Copy word for word, please, the lines of the entries below running from the one containing "using ellp_norm_le_iff[OF _" to the one containing "section \<open>The space", both ends included.

Listed records START

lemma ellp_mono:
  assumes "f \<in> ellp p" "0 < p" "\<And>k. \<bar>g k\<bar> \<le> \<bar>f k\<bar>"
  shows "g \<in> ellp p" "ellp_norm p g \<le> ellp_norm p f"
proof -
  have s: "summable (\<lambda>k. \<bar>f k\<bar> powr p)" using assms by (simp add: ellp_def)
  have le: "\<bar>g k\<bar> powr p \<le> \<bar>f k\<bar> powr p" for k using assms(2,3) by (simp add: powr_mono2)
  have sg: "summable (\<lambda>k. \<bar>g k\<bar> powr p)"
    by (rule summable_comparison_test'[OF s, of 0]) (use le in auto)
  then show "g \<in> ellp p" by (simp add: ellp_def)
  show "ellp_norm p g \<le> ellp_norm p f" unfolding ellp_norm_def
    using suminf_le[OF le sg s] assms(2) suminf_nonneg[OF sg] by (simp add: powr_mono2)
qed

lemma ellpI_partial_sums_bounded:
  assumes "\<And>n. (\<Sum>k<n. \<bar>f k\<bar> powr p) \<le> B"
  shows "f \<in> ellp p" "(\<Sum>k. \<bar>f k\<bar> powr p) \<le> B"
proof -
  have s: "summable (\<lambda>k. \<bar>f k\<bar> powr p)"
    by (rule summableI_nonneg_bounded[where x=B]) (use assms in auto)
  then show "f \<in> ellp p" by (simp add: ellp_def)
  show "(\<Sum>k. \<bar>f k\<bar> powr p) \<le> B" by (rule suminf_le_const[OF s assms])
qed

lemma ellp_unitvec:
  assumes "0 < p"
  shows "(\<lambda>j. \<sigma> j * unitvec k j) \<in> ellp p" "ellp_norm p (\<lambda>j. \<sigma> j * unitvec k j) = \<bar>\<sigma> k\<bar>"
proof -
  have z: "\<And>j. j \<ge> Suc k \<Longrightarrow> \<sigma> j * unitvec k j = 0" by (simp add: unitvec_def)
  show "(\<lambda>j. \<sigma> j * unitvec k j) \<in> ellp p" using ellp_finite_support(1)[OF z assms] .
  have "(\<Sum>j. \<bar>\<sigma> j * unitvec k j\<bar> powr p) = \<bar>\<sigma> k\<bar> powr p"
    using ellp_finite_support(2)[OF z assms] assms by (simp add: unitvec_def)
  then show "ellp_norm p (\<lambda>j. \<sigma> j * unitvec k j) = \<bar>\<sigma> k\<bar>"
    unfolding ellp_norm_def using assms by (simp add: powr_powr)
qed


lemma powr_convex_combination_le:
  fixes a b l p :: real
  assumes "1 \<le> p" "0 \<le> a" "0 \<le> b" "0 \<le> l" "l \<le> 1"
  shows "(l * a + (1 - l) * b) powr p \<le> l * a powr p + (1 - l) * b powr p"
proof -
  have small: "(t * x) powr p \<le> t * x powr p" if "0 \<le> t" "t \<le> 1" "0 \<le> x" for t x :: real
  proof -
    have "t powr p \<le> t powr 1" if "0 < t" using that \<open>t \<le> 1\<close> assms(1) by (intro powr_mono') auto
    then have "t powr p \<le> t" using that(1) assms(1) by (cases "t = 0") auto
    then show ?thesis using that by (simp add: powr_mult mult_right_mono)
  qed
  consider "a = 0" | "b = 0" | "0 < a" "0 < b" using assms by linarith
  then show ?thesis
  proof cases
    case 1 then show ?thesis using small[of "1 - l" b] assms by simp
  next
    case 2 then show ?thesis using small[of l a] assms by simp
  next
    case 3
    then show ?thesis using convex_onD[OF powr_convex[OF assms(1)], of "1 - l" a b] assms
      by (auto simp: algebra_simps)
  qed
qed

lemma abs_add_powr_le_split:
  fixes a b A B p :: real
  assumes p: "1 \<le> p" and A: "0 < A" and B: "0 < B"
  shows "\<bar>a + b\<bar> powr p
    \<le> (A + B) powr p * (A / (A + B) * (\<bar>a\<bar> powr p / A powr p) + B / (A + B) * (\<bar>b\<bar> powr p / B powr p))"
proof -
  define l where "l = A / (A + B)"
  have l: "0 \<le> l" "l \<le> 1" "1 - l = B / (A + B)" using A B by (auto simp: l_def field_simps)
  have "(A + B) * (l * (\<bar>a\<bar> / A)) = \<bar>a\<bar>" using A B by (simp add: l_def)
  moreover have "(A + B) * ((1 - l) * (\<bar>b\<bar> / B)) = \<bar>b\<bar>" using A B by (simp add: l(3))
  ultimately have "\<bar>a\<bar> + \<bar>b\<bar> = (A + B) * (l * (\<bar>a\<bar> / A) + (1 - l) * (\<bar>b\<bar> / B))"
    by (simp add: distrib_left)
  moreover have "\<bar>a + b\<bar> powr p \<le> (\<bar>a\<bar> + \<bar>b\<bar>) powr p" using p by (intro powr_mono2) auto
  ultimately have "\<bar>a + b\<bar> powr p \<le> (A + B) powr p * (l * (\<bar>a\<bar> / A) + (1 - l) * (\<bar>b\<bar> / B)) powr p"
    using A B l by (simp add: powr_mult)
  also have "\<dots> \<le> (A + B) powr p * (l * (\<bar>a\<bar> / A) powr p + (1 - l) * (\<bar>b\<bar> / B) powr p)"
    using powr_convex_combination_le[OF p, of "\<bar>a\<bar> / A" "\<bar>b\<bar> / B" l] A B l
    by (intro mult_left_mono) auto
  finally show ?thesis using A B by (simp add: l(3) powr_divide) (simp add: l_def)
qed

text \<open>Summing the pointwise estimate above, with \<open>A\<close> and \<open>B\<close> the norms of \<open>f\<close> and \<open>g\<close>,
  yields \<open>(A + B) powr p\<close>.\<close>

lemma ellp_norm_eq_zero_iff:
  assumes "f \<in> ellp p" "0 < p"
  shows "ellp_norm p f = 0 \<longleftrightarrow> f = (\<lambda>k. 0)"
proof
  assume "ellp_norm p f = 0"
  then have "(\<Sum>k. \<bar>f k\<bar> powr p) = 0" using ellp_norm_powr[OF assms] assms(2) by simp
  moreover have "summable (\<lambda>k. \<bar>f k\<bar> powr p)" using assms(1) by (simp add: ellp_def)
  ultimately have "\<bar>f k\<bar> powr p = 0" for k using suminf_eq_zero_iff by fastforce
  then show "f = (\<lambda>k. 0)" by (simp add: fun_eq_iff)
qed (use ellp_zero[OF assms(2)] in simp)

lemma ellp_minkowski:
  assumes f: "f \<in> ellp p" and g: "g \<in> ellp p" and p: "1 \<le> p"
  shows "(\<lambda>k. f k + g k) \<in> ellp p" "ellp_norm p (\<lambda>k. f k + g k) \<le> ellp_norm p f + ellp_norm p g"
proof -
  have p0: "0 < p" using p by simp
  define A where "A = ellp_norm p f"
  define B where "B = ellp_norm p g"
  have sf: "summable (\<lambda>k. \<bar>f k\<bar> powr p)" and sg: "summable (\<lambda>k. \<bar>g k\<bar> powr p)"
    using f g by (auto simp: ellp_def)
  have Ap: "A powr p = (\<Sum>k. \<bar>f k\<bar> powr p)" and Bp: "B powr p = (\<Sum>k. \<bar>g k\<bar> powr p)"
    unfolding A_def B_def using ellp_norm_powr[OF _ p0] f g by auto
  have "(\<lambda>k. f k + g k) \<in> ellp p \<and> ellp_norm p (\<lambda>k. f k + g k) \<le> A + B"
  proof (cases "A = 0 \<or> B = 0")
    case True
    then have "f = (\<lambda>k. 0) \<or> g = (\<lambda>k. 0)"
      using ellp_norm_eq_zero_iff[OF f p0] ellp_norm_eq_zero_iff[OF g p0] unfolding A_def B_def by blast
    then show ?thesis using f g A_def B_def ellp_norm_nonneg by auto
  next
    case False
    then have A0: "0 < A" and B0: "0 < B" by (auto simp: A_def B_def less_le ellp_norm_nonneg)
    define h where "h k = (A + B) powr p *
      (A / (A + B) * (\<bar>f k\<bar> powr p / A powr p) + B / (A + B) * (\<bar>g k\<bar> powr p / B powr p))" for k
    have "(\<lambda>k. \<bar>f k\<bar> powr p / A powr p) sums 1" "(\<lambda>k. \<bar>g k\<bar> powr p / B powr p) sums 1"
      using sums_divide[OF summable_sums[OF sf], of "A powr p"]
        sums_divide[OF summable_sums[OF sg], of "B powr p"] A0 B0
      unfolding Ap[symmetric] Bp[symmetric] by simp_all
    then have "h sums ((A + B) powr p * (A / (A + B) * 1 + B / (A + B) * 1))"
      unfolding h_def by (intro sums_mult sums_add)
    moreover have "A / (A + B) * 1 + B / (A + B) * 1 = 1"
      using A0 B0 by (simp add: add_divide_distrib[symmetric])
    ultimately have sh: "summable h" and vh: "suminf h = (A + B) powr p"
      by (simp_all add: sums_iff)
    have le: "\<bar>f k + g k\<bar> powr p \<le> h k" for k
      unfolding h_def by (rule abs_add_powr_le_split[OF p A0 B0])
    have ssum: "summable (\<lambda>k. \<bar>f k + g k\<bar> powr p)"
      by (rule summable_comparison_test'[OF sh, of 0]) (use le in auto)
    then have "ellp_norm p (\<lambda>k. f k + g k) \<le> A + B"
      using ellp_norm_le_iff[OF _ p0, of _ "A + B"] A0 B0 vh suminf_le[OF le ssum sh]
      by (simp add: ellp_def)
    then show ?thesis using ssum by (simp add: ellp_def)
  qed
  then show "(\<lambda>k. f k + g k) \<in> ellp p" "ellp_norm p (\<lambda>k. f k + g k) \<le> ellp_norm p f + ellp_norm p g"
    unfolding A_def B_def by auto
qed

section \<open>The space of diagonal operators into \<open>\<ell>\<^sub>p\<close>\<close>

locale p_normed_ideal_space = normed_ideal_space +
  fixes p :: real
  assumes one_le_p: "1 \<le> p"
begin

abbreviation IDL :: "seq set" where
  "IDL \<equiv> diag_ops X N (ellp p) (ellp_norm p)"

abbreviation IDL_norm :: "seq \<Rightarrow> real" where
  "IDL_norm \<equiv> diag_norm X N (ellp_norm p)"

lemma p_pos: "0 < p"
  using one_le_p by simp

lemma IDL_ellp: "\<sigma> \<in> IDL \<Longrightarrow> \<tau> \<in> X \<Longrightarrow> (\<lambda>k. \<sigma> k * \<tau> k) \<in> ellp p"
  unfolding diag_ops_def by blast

Listed records END

» The completed task:
      using ellp_norm_le_iff[OF _ p0, of _ "A + B"] A0 B0 vh suminf_le[OF le ssum sh]
      by (simp add: ellp_def)
    then show ?thesis using ssum by (simp add: ellp_def)
  qed
  then show "(\<lambda>k. f k + g k) \<in> ellp p" "ellp_norm p (\<lambda>k. f k + g k) \<le> ellp_norm p f + ellp_norm p g"
    unfolding A_def B_def by auto
qed

section \<open>The space of diagonal operators into \<open>\<ell>\<^sub>p\<close>\<close>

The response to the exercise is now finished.